The command line options of each of the programs is described below. Similar summaries of usage are printed when a command is run with no arguments.

 

blat

 

blat - Standalone BLAT sequence search command line tool

usage:

   blat database query [-ooc=11.ooc] output.psl

where:

   database is either a .fa file, a .nib file, or a list of .fa or .nib

   files, query is similarly a .fa, .nib, or list of .fa or .nib files

   -ooc=11.ooc tells the program to load over-occurring 11-mers from

               and external file.  This will increase the speed

               by a factor of 40 in many cases, but is not required

   output.psl is where to put the output.

options:

   -t=type     Database type.  Type is one of:

                 dna - DNA sequence

                 prot - protein sequence

                 dnax - DNA sequence translated in six frames to protein

               The default is dna

   -q=type     Query type.  Type is one of:

                 dna - DNA sequence

                 rna - RNA sequence

                 prot - protein sequence

                 dnax - DNA sequence translated in six frames to protein

                 rnax - DNA sequence translated in three frames to protein

               The default is dna

   -prot       Synonymous with -d=prot -q=prot

   -ooc=N.ooc  Use overused tile file N.ooc.  N should correspond to

               the tileSize

   -tileSize=N sets the size of match that triggers an alignment.

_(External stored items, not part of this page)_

(* Let $m,n$ be positive integers and $j$ a non-negative integer such that $m\leq n$ and $j<n$. Then \begin{align*} |\mathrm{WHom}^{j}(P_m,P_n)| =&\sum_{t=j+1}^{j+\left\lfloor \frac{m-j-1}{2}\right\rfloor}\ \sum_{s=t-j}^{m-1-t}\left[\binom{m-1}{s,\,t,\,m-1-s-t} - \binom{m-1}{t-j-1,\,s+j+1,\,m-1-s-t}\right]\\ &+\sum_{t=\max\{j-n+m+1,0\}}^{j}\ \sum_{s=0}^{m-1-t}\binom{m-1}{s,\,t,\,m-1-s-t}+\sum_{t=0}^{j-n+m}\ \sum_{s=0}^{n-j-1}\binom{m-1}{s,\,t,\,m-1-s-t}\\ &+\sum_{t=n-j}^{n-j-1+\left\lfloor\frac{j-n+m}{2}\right\rfloor}\ \sum_{s=t-(n-j-1)}^{m-1-t}\left[\binom{m-1}{s,\,t,\,m-1-s-t} - \binom{m-1}{t-n+j,\,s+n-j,\,m-1-s-t}\right]. \end{align*}
   Context: For a positive integer $n$, $P_n$ denotes the path with vertex set $\{0,1,\dots,n-1\}$ and edge set $\{\{i,i+1\} : i=0,\dots,n-2\}$. A weak homomorphism from a graph $G$ to a graph $H$ is a map $f:V(G)\to V(H)$ such that for every edge $\{x,y\}\in E(G)$, either $f(x)=f(y)$ or $\{f(x),f(y)\}\in E(H)$. $\mathrm{WHom}^{j}(P_m,P_n)$ denotes the set of weak homomorphisms $f:P_m\to P_n$ with $f(0)=j$. The multinomial coefficient $\binom{N}{a,b,c}$ equals $\frac{N!}{a!\,b!\,c!}$ when $a,b,c\ge 0$ and $a+b+c=N$, and is $0$ if any of $a,b,c$ is negative. A sum whose upper limit is smaller than its lower limit is zero. *)

theory Defs
  imports Main "HOL-Library.FuncSet"
begin

definition path_verts :: "nat \<Rightarrow> nat set" where
  "path_verts n = {0..<n}"

definition path_edges :: "nat \<Rightarrow> nat set set" where
  "path_edges n = {{i, Suc i} | i. Suc i < n}"

text \<open>Weak homomorphism between graphs given by vertex and edge sets;
  maps are taken extensional (undefined outside the vertex set) so that
  they are identified with maps V(G) to V(H).\<close>
definition weak_hom :: "'a set \<Rightarrow> 'a set set \<Rightarrow> 'b set \<Rightarrow> 'b set set \<Rightarrow> ('a \<Rightarrow> 'b) \<Rightarrow> bool" where
  "weak_hom VG EG VH EH f \<longleftrightarrow> f \<in> VG \<rightarrow>\<^sub>E VH \<and>
     (\<forall>x y. {x, y} \<in> EG \<longrightarrow> f x = f y \<or> {f x, f y} \<in> EH)"

definition WHom :: "nat \<Rightarrow> nat \<Rightarrow> nat \<Rightarrow> (nat \<Rightarrow> nat) set" where
  "WHom j m n = {f. weak_hom (path_verts m) (path_edges m) (path_verts n) (path_edges n) f \<and> f 0 = j}"

definition multinom :: "int \<Rightarrow> int \<Rightarrow> int \<Rightarrow> int \<Rightarrow> int" where
  "multinom N a b c = (if a \<ge> 0 \<and> b \<ge> 0 \<and> c \<ge> 0 \<and> a + b + c = N
     then fact (nat N) div (fact (nat a) * fact (nat b) * fact (nat c)) else 0)"

end

theory Submission
  imports Defs
begin

text \<open>A weak homomorphism P_m \<rightarrow> P_n starting at j is a walk of k = m - 1 steps in {-1, 0, +1}
  that stays in {0..n-1}. Walks with u up-steps and d down-steps are counted by the trinomial
  coefficient of (u, d, k - u - d), and the reflection principle at -1 and at n removes those that
  leave the strip; since k < n, no walk can leave on both sides, so one reflection per side suffices.
  This reflection formula and the walk count satisfy the same first-step recurrence
  f (k+1) x = f k (x-1) + f k x + f k (x+1) with the same initial and boundary values. Splitting the
  (u, d)-range according to which reflection term can be nonzero gives the four sums.\<close>

definition trinomial :: "nat \<Rightarrow> nat \<Rightarrow> nat \<Rightarrow> nat" where
  "trinomial a b c = fact (a + b + c) div (fact a * fact b * fact c)"

lemma trinomial_mult_fact: "trinomial a b c * (fact a * fact b * fact c) = fact (a + b + c)"
proof -
  have "fact (a + b + c) = fact a * fact (b + c) * (a + b + c choose a)"
    using binomial_fact_lemma[of a "a + b + c"] by (simp add: ac_simps)
  also have "fact (b + c) = fact b * fact c * (b + c choose b)"
    using binomial_fact_lemma[of b "b + c"] by (simp add: ac_simps)
  finally have "fact (a + b + c) =
      (fact a * fact b * fact c) * ((a + b + c choose a) * (b + c choose b))"
    by (simp add: ac_simps)
  then show ?thesis
    unfolding trinomial_def
    by (metis fact_nonzero mult.commute mult_eq_0_iff nonzero_mult_div_cancel_left)
qed

lemma trinomial_commute: "trinomial a b c = trinomial b a c"
  unfolding trinomial_def by (simp add: ac_simps)

lemma trinomial_commute_right: "trinomial a b c = trinomial a c b"
  unfolding trinomial_def by (simp add: ac_simps)

lemma trinomial_pred_mult_fact:
  assumes "a + b + c = Suc k"
  shows "(if a > 0 then trinomial (a - 1) b c else 0) * (fact a * fact b * fact c) = a * fact k"
proof (cases a)
  case (Suc a')
  then show ?thesis
    using trinomial_mult_fact[of a' b c] assms by (simp add: algebra_simps)
qed simp

lemma trinomial_Suc:
  assumes "a + b + c = Suc k"
  shows "trinomial a b c = (if a > 0 then trinomial (a - 1) b c else 0)
    + (if b > 0 then trinomial a (b - 1) c else 0) + (if c > 0 then trinomial a b (c - 1) else 0)"
proof -
  let ?P = "fact a * fact b * fact c :: nat"
  have "(if b > 0 then trinomial a (b - 1) c else 0) * ?P = b * fact k"
    using trinomial_pred_mult_fact[of b a c k] assms trinomial_commute[of a "b - 1" c]
    by (auto simp: ac_simps split: if_split_asm)
  moreover have "(if c > 0 then trinomial a b (c - 1) else 0) * ?P = c * fact k"
    using trinomial_pred_mult_fact[of c a b k] assms trinomial_commute[of "c - 1" a b]
      trinomial_commute_right[of a "c - 1" b] by (auto simp: ac_simps split: if_split_asm)
  ultimately have "((if a > 0 then trinomial (a - 1) b c else 0)
      + (if b > 0 then trinomial a (b - 1) c else 0) + (if c > 0 then trinomial a b (c - 1) else 0)) * ?P
      = (a + b + c) * fact k"
    using trinomial_pred_mult_fact[OF assms] by (simp add: algebra_simps)
  also have "\<dots> = fact (a + b + c)"
    using assms by simp
  finally show ?thesis
    using trinomial_mult_fact[of a b c] by (metis fact_nonzero mult_cancel_right mult_eq_0_iff)
qed

definition trinom :: "nat \<Rightarrow> int \<Rightarrow> int \<Rightarrow> int" where
  "trinom k a b = multinom (int k) a b (int k - a - b)"

lemma trinom_of_nat: "a + b + c = k \<Longrightarrow> trinom k (int a) (int b) = int (trinomial a b c)"
  by (auto simp: trinom_def multinom_def trinomial_def zdiv_int nat_diff_distrib)

lemma trinom_eq_0: "a < 0 \<or> b < 0 \<or> int k < a + b \<Longrightarrow> trinom k a b = 0"
  by (auto simp: trinom_def multinom_def)

lemma int_composition_cases:
  assumes "0 \<le> a" "0 \<le> b" "a + b \<le> int k"
  obtains a' b' c' where "a = int a'" "b = int b'" "a' + b' + c' = k"
  by (rule that[of "nat a" "nat b" "k - nat a - nat b"]) (use assms in auto)

lemma trinom_commute: "trinom k a b = trinom k b a"
proof (cases "0 \<le> a \<and> 0 \<le> b \<and> a + b \<le> int k")
  case True
  then obtain a' b' c' where "a = int a'" "b = int b'" "a' + b' + c' = k"
    using int_composition_cases by blast
  then show ?thesis
    using trinom_of_nat[of a' b' c'] trinom_of_nat[of b' a' c']
    by (simp add: trinomial_commute ac_simps)
qed (auto simp: trinom_eq_0)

               Usually between 8 and 12

               Default is 11 for DNA and 5 for protein.

   -oneOff=N   If set to 1 this allows one mismatch in tile and still

               triggers an alignments.  Default is 0.


   -minMatch=N sets the number of tile matches.  Usually set from 2 to 4

               Default is 2 for nucleotide, 1 for protein.

   -minScore=N sets minimum score.  This is twice the matches minus the

               mismatches minus some sort of gap penalty.  Default is 30

   -minIdentity=N Sets minimum sequence identity (in percent).  Default is

               90 for nucleotide searches, 25 for protein or translated

               protein searches.

   -maxGap=N   sets the size of maximum gap between tiles in a clump.  Usually

               set from 0 to 3.  Default is 2. Only relevent for minMatch > 1.

   -noHead     suppress .psl header (so it's just a tab-separated file)

   -makeOoc=N.ooc Make overused tile file

   -repMatch=N sets the number of repetitions of a tile allowed before

               it is marked as overused.  Typically this is 256 for tileSize

               12, 1024 for tile size 11, 4096 for tile size 10.

               Default is 1024.  Typically only comes into play with makeOoc

   -mask=type  Mask out repeats.  Alignments won't be started in masked region

               but may extend through it in nucleotide searches.  Masked areas

               are ignored entirely in protein or translated searches. Types are

                 lower - mask out lower cased sequence

                 upper - mask out upper cased sequence

                 out   - mask according to database.out RepeatMasker .out file

                 file.out - mask database according to RepeatMasker file.out

   -qMask=type Mask out repeats in query sequence.  Similar to -mask above but

               for query rather than target sequence.

   -minRepDivergence=NN - minimum percent divergence of repeats to allow

               them to be unmasked.  Default is 15.  Only relevant for

               masking using RepeatMasker .out files.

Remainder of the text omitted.